Menthol ban may prompt smokers to seek quit advice

Up to 450,000 smokers may be seeking support to quit for good on May 20, when a ban on menthol cigarettes comes into effect. According to a new consumer study, the Covid-19 lockdown has fuelled a greater appetite to quit among smokers across the board.

In a study of 1,000 menthol cigarette smokers conducted by Vape Club, 39 per cent said they intended to quit smoking when the ban comes into force. This could suggest that as many as 450,000 current smokers, or 1 in 20 smokers in the UK, may be looking to quit the habit.

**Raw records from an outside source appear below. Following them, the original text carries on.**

lemma log_inversion_upper:
  fixes L j d :: real
  assumes j: "1 \<le> j" "j \<le> d" and L: "1 \<le> L" "L \<le> j * log 2 (6 * d / j)"
  shows "L \<le> 36 * j * log 2 (1 + d / L)"
proof -
  define y where "y = d / j"
  define lg where "lg = log 2 (6 * y)"
  define r where "r = sqrt (6 * y)"
  have y1: "1 \<le> y" and r0: "0 < r"
    using j by (simp_all add: y_def r_def)
  have L_le: "L \<le> j * lg"
    using L(2) by (simp add: lg_def y_def)
  have lg_pos: "0 < lg"
  proof (rule ccontr)
    assume "\<not> 0 < lg"
    then have "j * lg \<le> 0"
      using j(1) by (simp add: mult_nonneg_nonpos)
    then show False using L_le L(1) by linarith
  qed
  \<comment> \<open>With r = sqrt (6y), both lg \<le> 3r and 6y = r^2 \<le> (1 + r/18)^36 hold, which turns
    L \<le> j lg into the claim since d / L \<ge> y / lg \<ge> r / 18.\<close>
  have "r / 18 = y / (3 * r)"
    using r0 y1 by (simp add: r_def field_simps)
  also have "\<dots> \<le> y / lg"
    using log2_le_3_sqrt[of "6 * y"] lg_pos y1 by (intro divide_left_mono) (auto simp: lg_def r_def)
  also have "\<dots> = d / (j * lg)"
    using j by (simp add: y_def)
  also have "\<dots> \<le> d / L"
    using L_le L(1) lg_pos j by (intro divide_left_mono) auto
  finally have r_le: "r / 18 \<le> d / L" .
  have "6 * y = r ^ 2"
    using y1 by (simp add: r_def)
  also have "\<dots> \<le> (1 + r) ^ 2"
    using r0 by (intro power_mono) auto
  also have "\<dots> \<le> ((1 + r / 18) ^ 18) ^ 2"
    using Bernoulli_inequality[of "r / 18" 18] r0 by (intro power_mono) auto
  also have "\<dots> = (1 + r / 18) ^ 36"
    by (simp flip: power_mult)
  finally have "lg \<le> log 2 ((1 + r / 18) ^ 36)"
    unfolding lg_def using y1 r0 by (subst log_le_cancel_iff) auto
  also have "\<dots> = 36 * log 2 (1 + r / 18)"
    using r0 by (simp add: log_nat_power)
  also have "\<dots> \<le> 36 * log 2 (1 + d / L)"
    using r_le r0 by (intro mult_left_mono log_mono) auto
  finally have "j * lg \<le> j * (36 * log 2 (1 + d / L))"
    using j(1) by (intro mult_left_mono) auto
  with L_le show ?thesis by simp
qed

lemma log_one_plus_div_le:
  fixes L d :: real
  assumes d: "1 \<le> d" and L: "1 \<le> L" "log 2 d \<le> L"
  shows "log 2 (1 + d / L) \<le> 2 * L"
proof -
  have "d / L \<le> d"
    using d L by (simp add: field_simps)
  then have "log 2 (1 + d / L) \<le> log 2 (2 * d)"
    using d L by (intro log_mono) (auto intro: add_pos_nonneg)
  also have "\<dots> = 1 + log 2 d"
    using d by (simp add: log_mult)
  finally show ?thesis using L by simp
qed

lemma log_inversion_lower:
  fixes L m d :: real
  assumes m: "1 \<le> m" "m \<le> d" and L: "1 \<le> L" "m * log 2 (2 * d / m) < L"
  shows "(m + 2) * log 2 (1 + d / L) \<le> 3 * L"
proof -
  define z where "z = 2 * d / m"
  have z2: "2 \<le> z"
    using m by (simp add: z_def field_simps)
  then have "m \<le> m * log 2 z"
    using m by simp
  then have "m < L"
    using L(2) by (simp add: z_def)
  then have "d / L \<le> d / m"
    using m by (intro divide_left_mono) auto
  also have "\<dots> \<le> z - 1"
    using m by (simp add: z_def field_simps)
  finally have X_le: "log 2 (1 + d / L) \<le> log 2 z"
    using L m by (intro log_mono) (auto intro: add_pos_nonneg)
  have X_nonneg: "0 \<le> log 2 (1 + d / L)"
    using L m by (intro log_one_plus_div_nonneg) auto
  have "(m + 2) * log 2 (1 + d / L) \<le> (3 * m) * log 2 z"
    using X_le X_nonneg m by (intro mult_mono) auto
  also have "\<dots> < 3 * L"
    using L(2) by (simp add: z_def)
  finally show ?thesis by simp
qed

lemma inv_sqrt_between:
  fixes L X J :: real
  assumes "0 < L" "0 \<le> X" "0 < J" "J * X \<le> 4 * L" "L \<le> 36 * J * X"
  shows "1/2 * sqrt (X / L) \<le> 1 / sqrt J" "1 / sqrt J \<le> 6 * sqrt (X / L)"
proof -
  have "sqrt (X / L) \<le> sqrt (4 / J)"
    using assms by (intro real_sqrt_le_mono) (simp add: field_simps)
  then show "1/2 * sqrt (X / L) \<le> 1 / sqrt J"
    by (simp add: real_sqrt_divide)
  have "sqrt (1 / J) \<le> sqrt (36 * (X / L))"
    using assms by (intro real_sqrt_le_mono) (simp add: field_simps)
  moreover have "sqrt 36 = (6::real)"
    by (rule real_sqrt_unique) simp_all
  ultimately show "1 / sqrt J \<le> 6 * sqrt (X / L)"
    by (simp add: real_sqrt_divide real_sqrt_mult)
qed

section \<open>Operators of small rank\<close>

lemma summable_on_finite_support:
  assumes "finite K" "\<And>x. x \<notin> K \<Longrightarrow> g x = 0"
  shows "(\<lambda>x. (cmod (g x))\<^sup>2) summable_on UNIV"
  using assms by (subst summable_on_cong_neutral[where T=K]) auto

lemma normL2_finite_support:
  assumes "finite K" "\<And>x. x \<notin> K \<Longrightarrow> g x = 0"
  shows "normL2 g = sqrt (\<Sum>x\<in>K. (cmod (g x))\<^sup>2)"
proof -
  have "infsum (\<lambda>x. (cmod (g x))\<^sup>2) UNIV = infsum (\<lambda>x. (cmod (g x))\<^sup>2) K"
    using assms(2) by (intro infsum_cong_neutral) auto
  then show ?thesis
    using assms(1) by (simp add: normL2_def)
qed
(* Let $P$ be a normal program and $S$ a set of queries. Then $P$ LDNF-terminates with respect to $S$ if and only if $M_4\cup\mathit{ce}(P)$ LDNF-terminates with respect to $\{\mathit{solve}(Q)\mid Q\in S\}$.
   Context: A normal program has clauses whose bodies are sequences of literals (atoms $A$ or negated atoms $\neg A$), with negation as finite failure. A query LDNF-terminates for a program if its LDNF-forest (SLDNF-resolution with the leftmost selection rule) is finite; a program LDNF-terminates w.r.t. a set of queries if it does so for every query in the set. Clause encoding: a body $L_1,\dots,L_n$ ($n\ge1$) is represented as the term $(L_1,(L_2,\dots,L_n))$ with a binary functor $,/2$, a negative literal $\neg A$ as the term $\neg A$, and an empty body by the constant $\mathit{true}$; $\mathit{ce}(P)$ is the set of facts $\mathit{clause}(H,B)$, one per clause $H\leftarrow B$ of $P$; the symbols $,/2$, $\mathit{clause}$, $\mathit{solve}$ do not occur in the language of $P$. A query $Q=L_1,\dots,L_n$ is encoded in $\mathit{solve}(Q)$ in the same way. $M_4$ is the program $\mathit{solve}(\mathit{true}).$ $\mathit{solve}((A,B))\leftarrow\mathit{solve}(A),\mathit{solve}(B).$ $\mathit{solve}(\neg A)\leftarrow\neg\mathit{solve}(A).$ $\mathit{solve}(H)\leftarrow\mathit{clause}(H,B),\mathit{solve}(B).$ *)

theory Defs
  imports Main
begin

datatype 'f trm = Var nat | Fn 'f "'f trm list"

type_synonym 'f atom = "'f \<times> 'f trm list"

datatype 'f lit = Pos "'f atom" | Neg "'f atom"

Pharmacies, which have remained open during the lockdown, may need to consider how stopping services might be highlighted around and after the date of the ban, particularly to female smokers - according to the study, 87 per cent of menthol cigarette smokers are women. 

The study also suggests around 50,000 of those looking to quit don't know where they can access support, and may miss out on effective smoking cessation help. Vape Club suggest this issue may have been exacerbated by the decrease in communication caused by the coronavirus lockdown.

Within the study, it was found that 18 per cent of UK menthol smokers intend to use menthol vaping as a smoking cessation method, 10 per cent say they will quit by going ‘cold turkey’, and 5 per cent will use nicotine replacement therapies (NRTs) such as nicotine gum or patches.

Some menthol smokers are determined not to be deterred in the short term, with 2.4 per cent of those surveyed saying that they have stockpiled menthol cigarettes in advance of the ban. Over half (56 per cent) will continue to smoke using regular cigarettes or rolling tobacco.

The ban will bring the UK government a step closer to its pledge to end smoking in England by 2030. Menthol cigarettes are seen as a gateway for young people getting into smoking. 

The study suggests that just under 300,000 smokers are currently quitting, with the Covid-19 pandemic fuelling the appetite to quit or to consider quitting - 29 per cent of smokers (equivalent to a potential 2.6 million people) now state they would consider quitting in the near future. The survey also found that 67 per cent of UK smokers (6.4 million) don't intend to stop smoking, while 31 per cent (3 million) don't believe that they're at greater risk from Covid-19 due to smoking.

Vape Club director Dan Marchant, a member of the UK Vaping Industry Association, said: "It’s concerning to see that up to 50,000 people across the UK who want to kick the habit aren’t aware of available support to quit smoking. I’d like to see stop smoking services reaching out to the most vulnerable and hard-to-reach in society, as there’s clearly a desire to quit with the right support."